# LDI '09 Meet-up and Discussion



## Kelite (Nov 2, 2009)

Since the LDI tradeshow has been named Lighting Dimensions International, I've posted this question in the lighting area of the ControlBooth.
[Edit by Mod: Thread moved, with expiring redirects, to "News" for maximum exposure. After the event, we can move it back to "Lighting" if so warranted.]

Does anyone attending LDI Nov. 20-22 feel like a meet & greet? We've gotten together in the past, so now seems like a good time to ask-

Who are you, and what are your thoughts?


----------



## dramatech (Nov 2, 2009)

I will be there, and have no plans for which day or days, As I only live 40 miles away I am flexible to almost any plans. Might be nice to meet some folks that I only know them by their posts.


----------



## dvsDave (Nov 2, 2009)

Hey Keith,

You volunteering your booth as a meeting place again? It seems to be a tradition. 

I'll be there.


----------



## Kelite (Nov 3, 2009)

The entire Apollo staff volunteers the booth, Dave. It's our pleasure having friends from the industry stop in to 'put a face with the name' and have a few laughs too. (Did I really say that?)
I'll not be attending LDI this year due to several prior commitments but Monty McWilliams, Apollo Marketing VP, will be looking forward to saying hello and showing you the latest new products from Apollo (12 at last count!).


----------



## derekleffew (Nov 8, 2009)

LDI is now less than two weeks away! I shan't be attending this year, but would like to propose

*Noon EST, on Saturday, 11/21/09, 
at Apollo, (Booth#643)*

for the 2nd Annual ControlBooth Mixer at LDI.

As with last year, please post your intentions to attend in this thread, as well as your impressions, interesting products, excitations, disappointments, _et al._ of the show. (Or of dvsDave, for that matter.)
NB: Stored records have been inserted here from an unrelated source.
(* Let $D$ be a friendship digraph of order $n$. Then for each vertex $v\in V(D)$: (a) $d^+(v)=d^-(v)$; and (b) $\sum_{u\in N^+(v)}\bigl(d^-(u)-1\bigr)=n-1$.
   Context: All digraphs are finite and have neither loops nor parallel arcs (a pair of opposite arcs $(u,v)$ and $(v,u)$ is allowed). $N^+(v)$, $N^-(v)$ are the out- and in-neighborhoods of $v$, and $d^+(v)=|N^+(v)|$, $d^-(v)=|N^-(v)|$. A friendship digraph is a nontrivial digraph (at least two vertices) in which any two distinct vertices have exactly one common out-neighbor. *)

theory Defs
  imports Main
begin

text \<open>A digraph is given by a vertex set V and an arc relation A (A u v means arc (u,v)).
  Loops are excluded; parallel arcs are impossible by representation; opposite arcs allowed.\<close>

definition digraph :: "'a set \<Rightarrow> ('a \<Rightarrow> 'a \<Rightarrow> bool) \<Rightarrow> bool" where
  "digraph V A \<longleftrightarrow> finite V \<and> (\<forall>u v. A u v \<longrightarrow> u \<in> V \<and> v \<in> V \<and> u \<noteq> v)"

definition out_nbrs :: "'a set \<Rightarrow> ('a \<Rightarrow> 'a \<Rightarrow> bool) \<Rightarrow> 'a \<Rightarrow> 'a set" where
  "out_nbrs V A v = {u \<in> V. A v u}"

definition in_nbrs :: "'a set \<Rightarrow> ('a \<Rightarrow> 'a \<Rightarrow> bool) \<Rightarrow> 'a \<Rightarrow> 'a set" where
  "in_nbrs V A v = {u \<in> V. A u v}"

definition outdeg :: "'a set \<Rightarrow> ('a \<Rightarrow> 'a \<Rightarrow> bool) \<Rightarrow> 'a \<Rightarrow> nat" where
  "outdeg V A v = card (out_nbrs V A v)"

definition indeg :: "'a set \<Rightarrow> ('a \<Rightarrow> 'a \<Rightarrow> bool) \<Rightarrow> 'a \<Rightarrow> nat" where
  "indeg V A v = card (in_nbrs V A v)"

definition friendship_digraph :: "'a set \<Rightarrow> ('a \<Rightarrow> 'a \<Rightarrow> bool) \<Rightarrow> bool" where
  "friendship_digraph V A \<longleftrightarrow> digraph V A \<and> card V \<ge> 2 \<and>
     (\<forall>u\<in>V. \<forall>v\<in>V. u \<noteq> v \<longrightarrow> (\<exists>!w. w \<in> out_nbrs V A u \<inter> out_nbrs V A v))"

end

theory Submission
  imports Defs
begin

text \<open>For an in-neighbour \<open>x\<close> of \<open>v\<close>, let \<open>c x\<close> be the common out-neighbour of \<open>x\<close> and \<open>v\<close>.
  If \<open>c x = c y\<close> for distinct in-neighbours \<open>x, y\<close>, then \<open>x\<close> and \<open>y\<close> would have the two distinct
  common out-neighbours \<open>v\<close> and \<open>c x\<close>; so \<open>c\<close> injects \<open>N\<^sup>-(v)\<close> into \<open>N\<^sup>+(v)\<close> and
  \<open>d\<^sup>-(v) \<le> d\<^sup>+(v)\<close>. Since in- and out-degrees have the same total, equality holds everywhere.
  For (b), every \<open>u \<noteq> v\<close> has exactly one common out-neighbour \<open>w \<in> N\<^sup>+(v)\<close> with \<open>v\<close>, so the
  sets \<open>N\<^sup>-(w) - {v}\<close> for \<open>w \<in> N\<^sup>+(v)\<close> partition \<open>V - {v}\<close>.\<close>

lemma friendship_digraph_digraph: "friendship_digraph V A \<Longrightarrow> digraph V A"
  by (simp add: friendship_digraph_def)

lemma digraph_finite: "digraph V A \<Longrightarrow> finite V"
  by (simp add: digraph_def)

lemma digraph_arcD:
  assumes "digraph V A" and "A u v"
  shows "u \<in> V" "v \<in> V" "u \<noteq> v"
  using assms by (auto simp: digraph_def)

lemma finite_out_nbrs: "finite V \<Longrightarrow> finite (out_nbrs V A v)"
  by (simp add: out_nbrs_def)

lemma finite_in_nbrs: "finite V \<Longrightarrow> finite (in_nbrs V A v)"
  by (simp add: in_nbrs_def)

lemma sum_outdeg_eq_sum_indeg:
  assumes "finite V"
  shows "(\<Sum>v\<in>V. outdeg V A v) = (\<Sum>v\<in>V. indeg V A v)"
proof -
  have "(\<Sum>v\<in>V. outdeg V A v) = (\<Sum>v\<in>V. \<Sum>u\<in>V. if A v u then 1 else 0)"
    using assms by (simp add: outdeg_def out_nbrs_def sum.inter_filter[symmetric])
  also have "\<dots> = (\<Sum>u\<in>V. \<Sum>v\<in>V. if A v u then 1 else 0)"
    by (rule sum.swap)
  also have "\<dots> = (\<Sum>v\<in>V. indeg V A v)"
    using assms by (simp add: indeg_def in_nbrs_def sum.inter_filter[symmetric])
  finally show ?thesis .
qed

lemma friendship_common_out_nbr_exists:
  assumes "friendship_digraph V A" and "u \<in> V" "v \<in> V" "u \<noteq> v"
  obtains w where "w \<in> V" "A u w" "A v w"
proof -
  have "\<exists>!w. w \<in> out_nbrs V A u \<inter> out_nbrs V A v"
    using assms by (simp add: friendship_digraph_def)
  then show ?thesis
    using that by (auto simp: out_nbrs_def)
qed

lemma friendship_common_out_nbr_unique:
  assumes F: "friendship_digraph V A" and "u \<in> V" "v \<in> V" "u \<noteq> v"
    and "A u w" "A v w" "A u w'" "A v w'"
  shows "w = w'"
proof -
  have "\<exists>!w. w \<in> out_nbrs V A u \<inter> out_nbrs V A v"
    using F assms(2-4) by (simp add: friendship_digraph_def)
  moreover have "w \<in> out_nbrs V A u \<inter> out_nbrs V A v" "w' \<in> out_nbrs V A u \<inter> out_nbrs V A v"
    using digraph_arcD[OF friendship_digraph_digraph[OF F]] assms(5-8)
    by (auto simp: out_nbrs_def)
  ultimately show ?thesis by blast
qed

lemma friendship_indeg_le_outdeg:
  assumes F: "friendship_digraph V A" and v: "v \<in> V"
  shows "indeg V A v \<le> outdeg V A v"
proof -
  have D: "digraph V A" using F by (rule friendship_digraph_digraph)
  define c where "c x = (SOME w. w \<in> V \<and> A x w \<and> A v w)" for x
  have c: "c x \<in> V \<and> A x (c x) \<and> A v (c x)" if "x \<in> in_nbrs V A v" for x
  proof -
    have "x \<in> V" "x \<noteq> v" using that digraph_arcD[OF D] by (auto simp: in_nbrs_def)
    then obtain w where "w \<in> V \<and> A x w \<and> A v w"
      using friendship_common_out_nbr_exists[OF F _ v] by metis
    then show ?thesis unfolding c_def by (rule someI)
  qed
  have "inj_on c (in_nbrs V A v)"
  proof (rule inj_onI, rule ccontr)
    fix x y
    assume x: "x \<in> in_nbrs V A v" and y: "y \<in> in_nbrs V A v" and "c x = c y" and "x \<noteq> y"
    then have "v = c x"
      using c[OF x] c[OF y] friendship_common_out_nbr_unique[OF F, of x y v "c x"]
      by (auto simp: in_nbrs_def)
    with c[OF x] digraph_arcD[OF D] show False by blast
  qed
  moreover have "c ` in_nbrs V A v \<subseteq> out_nbrs V A v"
    using c by (auto simp: out_nbrs_def)
  ultimately show ?thesis
    unfolding indeg_def outdeg_def
    by (intro card_inj_on_le finite_out_nbrs digraph_finite[OF D])
qed

lemma friendship_outdeg_eq_indeg:
  assumes F: "friendship_digraph V A" and "v \<in> V"
  shows "outdeg V A v = indeg V A v"
  using sum_mono_inv[OF sum_outdeg_eq_sum_indeg[symmetric] friendship_indeg_le_outdeg[OF F] assms(2)]
    digraph_finite[OF friendship_digraph_digraph[OF F]]
  by simp

lemma friendship_Diff_singleton_eq_UN_in_nbrs:
  assumes F: "friendship_digraph V A" and v: "v \<in> V"
  shows "V - {v} = (\<Union>w\<in>out_nbrs V A v. in_nbrs V A w - {v})"
proof
  show "V - {v} \<subseteq> (\<Union>w\<in>out_nbrs V A v. in_nbrs V A w - {v})"
  proof
    fix u assume u: "u \<in> V - {v}"
    then obtain w where "w \<in> V" "A u w" "A v w"
      using friendship_common_out_nbr_exists[OF F _ v] by blast
    with u show "u \<in> (\<Union>w\<in>out_nbrs V A v. in_nbrs V A w - {v})"
      by (auto simp: in_nbrs_def out_nbrs_def)
  qed
qed (auto simp: in_nbrs_def)

lemma friendship_in_nbrs_Diff_disjoint:
  assumes F: "friendship_digraph V A" and v: "v \<in> V"
    and w: "w \<in> out_nbrs V A v" and w': "w' \<in> out_nbrs V A v" and "w \<noteq> w'"
  shows "(in_nbrs V A w - {v}) \<inter> (in_nbrs V A w' - {v}) = {}"
proof (rule ccontr)
  assume "(in_nbrs V A w - {v}) \<inter> (in_nbrs V A w' - {v}) \<noteq> {}"
  then obtain u where "u \<in> V" "u \<noteq> v" "A u w" "A u w'"
    by (auto simp: in_nbrs_def)
  moreover have "A v w" "A v w'"
    using w w' by (auto simp: out_nbrs_def)
  ultimately have "w = w'"
    using friendship_common_out_nbr_unique[OF F _ v] by blast
  with \<open>w \<noteq> w'\<close> show False ..
qed

lemma friendship_sum_indeg_out_nbrs:
  assumes F: "friendship_digraph V A" and v: "v \<in> V"
  shows "(\<Sum>w\<in>out_nbrs V A v. int (indeg V A w) - 1) = int (card V) - 1"
proof -
  have fin: "finite V"
    using F by (intro digraph_finite friendship_digraph_digraph)
  have card_fibre: "int (card (in_nbrs V A w - {v})) = int (indeg V A w) - 1"
    if "w \<in> out_nbrs V A v" for w
  proof -
    have "v \<in> in_nbrs V A w"
      using that v by (simp add: in_nbrs_def out_nbrs_def)
    then have "indeg V A w \<ge> 1" "card (in_nbrs V A w - {v}) = indeg V A w - 1"
      using finite_in_nbrs[OF fin] by (auto simp: indeg_def card_gt_0_iff Suc_le_eq)
    then show ?thesis by (simp add: of_nat_diff)
  qed
  have "card V \<ge> 1"
    using fin v by (auto simp: Suc_le_eq card_gt_0_iff)
  then have "int (card V) - 1 = int (card (V - {v}))"
    using fin v by (simp add: of_nat_diff)
  also have "\<dots> = (\<Sum>w\<in>out_nbrs V A v. int (card (in_nbrs V A w - {v})))"
    unfolding friendship_Diff_singleton_eq_UN_in_nbrs[OF F v]
    by (subst card_UN_disjoint)
       (simp_all add: finite_out_nbrs finite_in_nbrs fin friendship_in_nbrs_Diff_disjoint[OF F v])
  also have "\<dots> = (\<Sum>w\<in>out_nbrs V A v. int (indeg V A w) - 1)"
    using card_fibre by simp
  finally show ?thesis by simp
qed

theorem proposition2p2:
  fixes V :: "'a set" and A :: "'a \<Rightarrow> 'a \<Rightarrow> bool" and n :: nat
  assumes "friendship_digraph V A"
    and "card V = n"
  shows "\<forall>v\<in>V. outdeg V A v = indeg V A v \<and>
           (\<Sum>u\<in>out_nbrs V A v. int (indeg V A u) - 1) = int n - 1"
  using friendship_outdeg_eq_indeg[OF assms(1)] friendship_sum_indeg_out_nbrs[OF assms(1)] assms(2)
  by blast

end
I, for one, will be severely disappointed if Dave has not posted a video of whatever ETC's secret product is, by 6pm Friday, 11/20.


----------



## Edrick (Nov 8, 2009)

I'm going to attempt to attend however I have two issues facing me 1) Transportation to get there and 2) Currently I'm shooting a short from the 19th - the 21st so not sure yet.


----------



## Kelite (Nov 9, 2009)

derekleffew said:


> LDI is now less than two weeks away! I shan't be attending this year, but would like to propose
> 
> *Noon EST, on Saturday, 11/21/09,
> at Apollo, (Booth#643)*
> ...





That sounds great, Derek!

I hope all attendees enjoy the show. It's good to put a few faces with the names of ControlBooth personalities. After all, community is an important thing regardless of experience, status, discipline, whatever.


----------



## gafftaper (Nov 11, 2009)

derekleffew said:


> As with last year, please post your... impressions, ... disappointments, _et al._ of the show. (Or of dvsDave, for that matter.)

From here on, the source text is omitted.